Two More States Join Ranks With DNC Lists
Of the two, Tennessee's is the more burdensome. House Bill 677 requires the Tennessee regulatory authority to establish no later than July 1 of 2000 a database of residential subscribers who do not wish to receive telephone solicitations. The law empowers the regulatory authority to establish regulations which require local telephone companies to notify consumers twice a year of the database; specify procedure for signing onto the list; specify how long each request will be effective; and specify how companies can subscribe to the database.
The law sets the fee for companies to access the list at $500 a year but does not mention a fee for consumers to sign up for the list. It also sets penalties at a maximum of $2,000 per violation to "be calculated in a liberal manner to deter violators and to protect consumers." The law does provide a defense for companies which make a good faith effort to comply.
The only exemption in the law is for businesses making fewer than three calls per week. Almost every business making consumer calls will therefore need to subscribe to the list.
The Tennessee law establishes a curfew for calls before 8 a.m. and after 9 p.m. and prohibits telemarketers from knowingly blocking consumers' caller identification devices.
The Alabama law, H.B. 589, contains very similar language to the Tennessee law, but is much more limited in application. The Alabama legislature chose to add the new law to its existing telemarketing registration law which contains all the common exemptions to registration found in many states, such as regulated utilities, certain telephone services bureaus, licensed financial institutions etc.

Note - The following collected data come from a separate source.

definition QC :: "'a::euclidean_space set \<Rightarrow> 'a measure \<Rightarrow> ('a \<Rightarrow> real) set" where
  "QC \<Omega> \<mu> = {g. (\<forall>x\<in>\<Omega>. g x \<ge> 0) \<and> continuous_on \<Omega> g \<and> sym_fun_on \<Omega> g \<and>
      quasi_convex_on \<Omega> g \<and>
      (\<exists>h \<epsilon>\<^sub>0. h \<in> borel_measurable borel \<and> (\<forall>x. h x \<ge> 0) \<and> integrable \<mu> h \<and>
         0 < \<epsilon>\<^sub>0 \<and> \<epsilon>\<^sub>0 \<le> 1 \<and>
         (\<forall>x\<in>\<Omega>. \<forall>\<epsilon>\<in>{0<..<\<epsilon>\<^sub>0}. (g x - g (((1 - \<epsilon>) / (1 + \<epsilon>)) *\<^sub>R x)) / \<epsilon> \<le> h x))}"

definition levy_mean :: "'a measure \<Rightarrow> 'a set \<Rightarrow> ('a \<Rightarrow> real) \<Rightarrow> real \<Rightarrow> bool" where
  "levy_mean \<mu> \<Omega> f m \<longleftrightarrow>
     measure \<mu> {x\<in>\<Omega>. f x \<ge> m} \<ge> 1/2 \<and> measure \<mu> {x\<in>\<Omega>. f x \<le> m} \<ge> 1/2"

end

theory Submission
  imports Defs
begin

text \<open>
  For levels t above f 0 = min f the sublevel sets K_t = {f < t} are symmetric open convex
  subsets of \<Omega>, and a point of the \<epsilon>-dilation of K_t is mapped into K_t by the contraction
  x \<mapsto> c_\<epsilon> x, c_\<epsilon> = (1 - \<epsilon>)/(1 + \<epsilon>). Hence the dilation inequality, combined with
  -(1 - u) ln (1 - u) \<ge> u ln 2 for u \<le> 1/2, says that for t up to the median m the mass of
  {f(c_\<epsilon> x) < t \<le> f x} grows at least like \<epsilon> \<kappa> ln 2 \<mu>(K_t). Integrating over t \<in> (f 0, m]
  against p t^(-p-1) dt (layer cake) and using Fatou's lemma gives a lower bound
  \<kappa> ln 2 \<integral> (min(f,m)^(-p) - m^(-p)) for the liminf of the difference quotients of min(f,m)^(-p)
  along the contractions. The QC hypothesis dominates these quotients, so by reverse Fatou their
  limsup is at most p \<integral> f^(-p-1) \<Phi>_f \<le> p \<kappa> ln 2 \<beta> \<integral> f^(-p). Thus (1 - \<beta> p) \<integral> f^(-p) \<le> m^(-p),
  which is stronger than the claim since 1/(1 - t) \<le> (e/(1 - t))^t.
\<close>

lemma ln_2_mul_le_neg_mult_ln:
  fixes u :: real
  assumes "0 \<le> u" "u \<le> 1/2"
  shows "ln 2 * u \<le> - (1 - u) * ln (1 - u)"
proof -
  define y where "y = 1 / (1 - u)"
  have y: "1 \<le> y" "y \<le> 2" using assms by (auto simp: y_def field_simps)
  have "exp ((1 - (y - 1)) *\<^sub>R 0 + (y - 1) *\<^sub>R ln 2) \<le> (1 - (y - 1)) * exp 0 + (y - 1) * exp (ln 2)"
    using y by (intro convex_onD[OF exp_convex]) auto
  then have "exp ((y - 1) * ln 2) \<le> exp (ln y)" using y by simp
  then have "(y - 1) * ln 2 \<le> - ln (1 - u)" using assms by (simp add: y_def ln_div)
  then have "(1 - u) * ((y - 1) * ln 2) \<le> (1 - u) * - ln (1 - u)"
    using assms by (intro mult_left_mono) auto
  moreover have "(1 - u) * ((y - 1) * ln 2) = u * ln 2"
    using assms by (simp add: y_def field_simps)
  ultimately show ?thesis by (simp add: algebra_simps)
qed

lemma powr_neg_diff_le_tangent:
  fixes a b p :: real
  assumes "0 < a" "a \<le> b" "0 < p"
  shows "a powr - p - b powr - p \<le> p * a powr (- p - 1) * (b - a)"
proof -
  have "b powr - p = a powr - p * exp (- p * ln (b / a))"
    using assms by (simp add: powr_def ln_div algebra_simps flip: exp_add)
  moreover have "1 - p * (b / a - 1) \<le> exp (- p * ln (b / a))"
  proof -
    have "ln (b / a) \<le> b / a - 1" using assms by (intro ln_le_minus_one) auto
    then have "1 - p * (b / a - 1) \<le> 1 + - p * ln (b / a)"
      using assms by (simp add: mult_left_mono)
    also have "\<dots> \<le> exp (- p * ln (b / a))" by (rule exp_ge_add_one_self)
    finally show ?thesis .
  qed
  ultimately have "a powr - p * (1 - p * (b / a - 1)) \<le> b powr - p"
    using assms by simp
  moreover have "a powr - p * (p * (b / a - 1)) = p * a powr (- p - 1) * (b - a)"
    using assms by (simp add: powr_diff field_simps powr_minus)
  ultimately show ?thesis by (simp add: algebra_simps)
qed

lemma powr_neg_diff_le_powr_diff:
  fixes a b p l :: real
  assumes "0 < l" "l \<le> a" "a \<le> b" "0 < p"
  shows "a powr - p - b powr - p \<le> (b powr p - a powr p) / l powr (2 * p)"
proof -
  have pos: "0 < a powr p" "0 < b powr p" "0 < l powr p" using assms by auto
  have "a powr - p - b powr - p = (b powr p - a powr p) / (a powr p * b powr p)"
    using pos by (simp add: powr_minus field_simps)
  also have "\<dots> \<le> (b powr p - a powr p) / (l powr p * l powr p)"
    using assms pos by (intro divide_left_mono mult_mono powr_mono2) (auto intro: powr_mono2)
  also have "l powr p * l powr p = l powr (2 * p)" by (simp flip: powr_add)
  finally show ?thesis .
qed

lemma min_powr_neg_diff_le:
  fixes a b m p :: real
  assumes "0 < a" "a \<le> b" "0 < m" "0 < p"
  shows "min a m powr - p - min b m powr - p \<le> a powr - p - b powr - p"
proof -
  have "b powr - p \<le> a powr - p" "b powr - p \<le> m powr - p" if "m \<le> b"
    using assms that by (auto intro: powr_mono2')
  then show ?thesis using assms by (cases "a \<le> m"; cases "b \<le> m") auto
qed

lemma le_powr_of_inverse_moment_bound:
  fixes p t m I :: real
  assumes "0 < p" "0 < t" "t < 1" "0 < m" "0 < I" "I \<le> m powr - p / (1 - t)"
  shows "m \<le> (exp 1 / (1 - t)) powr (t / p) * I powr (- 1 / p)"
proof -
  have "- ln (1 - t) \<le> t / (1 - t)"
    using ln_le_minus_one[of "1 / (1 - t)"] assms by (simp add: ln_div field_simps)
  then have key: "0 \<le> t + (1 - t) * ln (1 - t)" using assms by (simp add: field_simps)
  have "ln I \<le> ln (m powr - p / (1 - t))" using assms by simp
  also have "\<dots> = - p * ln m - ln (1 - t)" using assms by (simp add: ln_div ln_powr)
  finally have "ln I / p \<le> (- p * ln m - ln (1 - t)) / p"
    using assms by (intro divide_right_mono) auto
  then have "ln m + ln (1 - t) / p \<le> (- 1 / p) * ln I"
    using assms by (simp add: diff_divide_distrib)
  moreover have "(t / p) * (1 - ln (1 - t)) + ln (1 - t) / p = (t + (1 - t) * ln (1 - t)) / p"
    using assms by (simp add: field_simps)
  ultimately have "ln m \<le> (t / p) * (1 - ln (1 - t)) + (- 1 / p) * ln I"
    using key assms by (smt (verit) divide_nonneg_pos)
  then have "exp (ln m) \<le> exp ((t / p) * (1 - ln (1 - t)) + (- 1 / p) * ln I)" by simp
  also have "\<dots> = (exp 1 / (1 - t)) powr (t / p) * I powr (- 1 / p)"
    using assms by (simp add: powr_def ln_div flip: exp_add)
  finally show ?thesis using assms by simp
qed

lemma sym_set_iff_uminus_mem: "sym_set K \<longleftrightarrow> (\<forall>x\<in>K. - x \<in> K)"
  unfolding sym_set_def by (auto intro: image_eqI[of _ uminus "- _"])

lemma scaleR_mem_sym_convex:
  fixes K :: "'a::real_vector set"
  assumes "convex K" "sym_set K" "x \<in> K" "0 \<le> c" "c \<le> 1"
  shows "c *\<^sub>R x \<in> K"
proof -
  have "((1 + c) / 2) *\<^sub>R x + ((1 - c) / 2) *\<^sub>R (- x) \<in> K"
    using assms by (intro convexD) (auto simp: sym_set_iff_uminus_mem field_simps)
  moreover have "((1 + c) / 2) *\<^sub>R x + ((1 - c) / 2) *\<^sub>R (- x) = ((1 + c) / 2 - (1 - c) / 2) *\<^sub>R x"
    by (simp add: scaleR_diff_left)
  moreover have "(1 + c) / 2 - (1 - c) / 2 = c" by (simp add: field_simps)
  ultimately show ?thesis by simp
qed

lemma sym_set_sublevel:
  assumes "sym_set \<Omega>" "sym_fun_on \<Omega> f"
  shows "sym_set {x\<in>\<Omega>. f x < t}"
  using assms by (auto simp: sym_set_iff_uminus_mem sym_fun_on_def)

lemma sym_quasi_convex_scaleR_le:
  fixes f :: "'a::real_vector \<Rightarrow> real"
  assumes "sym_set \<Omega>" "sym_fun_on \<Omega> f" "quasi_convex_on \<Omega> f"
    and "x \<in> \<Omega>" "0 \<le> c" "c \<le> 1"
  shows "f (c *\<^sub>R x) \<le> f x"
proof (rule ccontr)
  assume "\<not> f (c *\<^sub>R x) \<le> f x"
  then have "x \<in> {y\<in>\<Omega>. f y < f (c *\<^sub>R x)}" using assms by simp
  then have "c *\<^sub>R x \<in> {y\<in>\<Omega>. f y < f (c *\<^sub>R x)}"
    using assms sym_set_sublevel by (intro scaleR_mem_sym_convex) (auto simp: quasi_convex_on_def)
  then show False by simp
qed

lemma occupation_gt_imp_ratio_lt:
  fixes K :: "'a::euclidean_space set"
  assumes "0 < \<epsilon>" "\<epsilon> < 1"
    and "(LINT t:{0..1}|lborel. indicator K ((1 - t) *\<^sub>R x + t *\<^sub>R y)) > 1 - \<epsilon>"
  shows "\<exists>s r. s \<in> {0..1} \<and> r \<in> {0..1} \<and> (1 - s) *\<^sub>R x + s *\<^sub>R y \<in> K \<and>
      (1 - r) *\<^sub>R x + r *\<^sub>R y \<in> K \<and> s < \<epsilon> * r"
proof (rule ccontr)
  assume H: "\<not> ?thesis"
  define T where "T = {t\<in>{0..1}. (1 - t) *\<^sub>R x + t *\<^sub>R y \<in> K}"
  have ratio: "\<epsilon> * r \<le> s" if "s \<in> T" "r \<in> T" for s r using H that unfolding T_def by force
  have eq: "(LINT t:{0..1}|lborel. (indicator K ((1 - t) *\<^sub>R x + t *\<^sub>R y) :: real))
      = (\<integral>t. (indicator T t :: real) \<partial>lborel)"
    unfolding set_lebesgue_integral_def
    by (intro Bochner_Integration.integral_cong) (auto simp: T_def indicator_def)
  show False
  proof (cases "T = {}")
    case True
    then show ?thesis using assms eq by simp
  next
    case False
    define S where "S = Sup T"
    have bdd: "bdd_above T" unfolding T_def by (rule bdd_aboveI[of _ 1]) auto
    have S1: "S \<le> 1" unfolding S_def using False by (intro cSup_least) (auto simp: T_def)
    have sub: "T \<subseteq> {\<epsilon> * S .. S}"
    proof
      fix s assume s: "s \<in> T"
      have "s \<le> S" unfolding S_def using bdd s by (rule cSup_upper[rotated])
      moreover have "S \<le> s / \<epsilon>"
        unfolding S_def using False ratio[OF s] assms by (intro cSup_least) (auto simp: field_simps)
      ultimately show "s \<in> {\<epsilon> * S .. S}" using assms by (auto simp: field_simps)
    qed
    then have S0: "0 \<le> S" using False assms by (auto simp: mult_le_cancel_right1)
    have "(\<integral>t. indicator T t \<partial>lborel) \<le> (\<integral>t. (indicator {\<epsilon> * S .. S} t :: real) \<partial>lborel)"
    proof (rule integral_mono_AE')
      show "integrable lborel (indicator {\<epsilon> * S..S} :: real \<Rightarrow> real)"
        by (intro integrable_real_indicator) (auto simp: emeasure_lborel_Icc_eq)
      show "AE t in lborel. indicator T t \<le> (indicator {\<epsilon> * S..S} t :: real)"
        using sub by (intro AE_I2) (auto simp: indicator_def)
    qed auto
    also have "\<dots> = S - \<epsilon> * S" using S0 assms by (simp add: mult_le_cancel_right1 mult_left_le_one_le)
    also have "\<dots> = (1 - \<epsilon>) * S" by (simp add: algebra_simps)
    also have "\<dots> \<le> 1 - \<epsilon>" using S1 assms by (simp add: mult_left_le)
    finally show False using assms eq by linarith
  qed
qed

lemma shrink_mem_of_mem_dil_set:
  fixes K :: "'a::euclidean_space set"
  assumes K: "convex K" "sym_set K" and \<epsilon>: "0 < \<epsilon>" "\<epsilon> < 1" and x: "x \<in> dil_set K \<epsilon>"
  shows "((1 - \<epsilon>) / (1 + \<epsilon>)) *\<^sub>R x \<in> K"
proof (cases "x \<in> K")
  case True
  then show ?thesis using K \<epsilon> by (intro scaleR_mem_sym_convex) auto
next
  case False
  then obtain y where "(LINT t:{0..1}|lborel. indicator K ((1 - t) *\<^sub>R x + t *\<^sub>R y)) > 1 - \<epsilon>"
    using x unfolding dil_set_def by auto
  from occupation_gt_imp_ratio_lt[OF \<epsilon> this] obtain s r where sr: "s \<in> {0..1}" "r \<in> {0..1}"
    "(1 - s) *\<^sub>R x + s *\<^sub>R y \<in> K" "(1 - r) *\<^sub>R x + r *\<^sub>R y \<in> K" "s < \<epsilon> * r" by blast
  define u where "u = (1 - s) *\<^sub>R x + s *\<^sub>R y"
  define w where "w = (1 - r) *\<^sub>R x + r *\<^sub>R y"
  have "s < r" using sr \<epsilon> mult_right_mono[of \<epsilon> 1 r] by auto
  define \<alpha> where "\<alpha> = s / (r - s)"
  have \<alpha>: "0 \<le> \<alpha>" using sr \<open>s < r\<close> by (auto simp: \<alpha>_def)
  \<comment> \<open>x extrapolates the segment from w through u, so a multiple of x is a convex combination of u and -w\<close>
  have "x = (1 + \<alpha>) *\<^sub>R u + \<alpha> *\<^sub>R (- w)"
  proof -
    have "(1 + \<alpha>) *\<^sub>R u + \<alpha> *\<^sub>R (- w) = u + \<alpha> *\<^sub>R ((r - s) *\<^sub>R (x - y))"
      by (simp add: u_def w_def algebra_simps)
    also have "\<alpha> *\<^sub>R ((r - s) *\<^sub>R (x - y)) = s *\<^sub>R (x - y)" using \<open>s < r\<close> by (simp add: \<alpha>_def)
    also have "u + s *\<^sub>R (x - y) = x" by (simp add: u_def algebra_simps)
    finally show ?thesis by simp
  qed
  then have "(1 / (1 + 2 * \<alpha>)) *\<^sub>R x = ((1 + \<alpha>) / (1 + 2 * \<alpha>)) *\<^sub>R u + (\<alpha> / (1 + 2 * \<alpha>)) *\<^sub>R (- w)"
    using \<alpha> by (simp add: scaleR_add_right scaleR_diff_right divide_inverse mult.commute)
  also have "\<dots> \<in> K"
    using K sr \<alpha> by (intro convexD) (auto simp: u_def w_def sym_set_iff_uminus_mem add_divide_distrib[symmetric])
  finally have xK: "(1 / (1 + 2 * \<alpha>)) *\<^sub>R x \<in> K" .
  have "(1 - \<epsilon>) * (r + s) \<le> (1 + \<epsilon>) * (r - s)" using sr(5) by (simp add: algebra_simps)
  then have "((1 - \<epsilon>) * (r + s)) / ((1 + \<epsilon>) * (r - s)) \<le> 1"
    using \<open>s < r\<close> \<epsilon> by (intro divide_le_eq_1_pos[THEN iffD2]) auto
  moreover have "1 + 2 * \<alpha> = (r + s) / (r - s)" using \<open>s < r\<close> by (simp add: \<alpha>_def field_simps)
  ultimately have "(1 - \<epsilon>) / (1 + \<epsilon>) * (1 + 2 * \<alpha>) \<le> 1" by simp
  then have "((1 - \<epsilon>) / (1 + \<epsilon>) * (1 + 2 * \<alpha>)) *\<^sub>R ((1 / (1 + 2 * \<alpha>)) *\<^sub>R x) \<in> K"
    using \<epsilon> \<alpha> by (intro scaleR_mem_sym_convex[OF K xK]) auto
  then show ?thesis using \<alpha> by simp
qed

The Act directs the Public Service Commission to establish a state database of residential consumers who object to receiving commercial telephone solicitation. The law sets the fee to sign up for the list at $5 every two years, and the fee to purchase the list at $10 per year. Although violators may be fined up to $200 per violation, the application of the list to most telemarketers is limited.
All told, compliance with the 8 states' laws will cost a company more than $2,000 per year plus implementation costs. These costs do not include compliance with the TCPA either.
If no action is taken in court, companies should expect more of these lists in the future.
Finally, two nonprofit groups have challenged a new disclosure requirement in federal court in Indiana applicable to telephone fundraising for nonprofits. The law called for a lengthy list of disclosures to be made at the beginning of each call and did not specify if the solicitor could even greet the resident prior to beginning the disclosure.
Although a nonprofit speech case, the telemarketing industry could benefit from a victory in this case based on the timing provisions found in many "immediate disconnect" statutes. The judge in the case is has just issued preliminary injunction which prevents enforcement of the act. Both sides will now prepare final briefs to be filed in the coming months.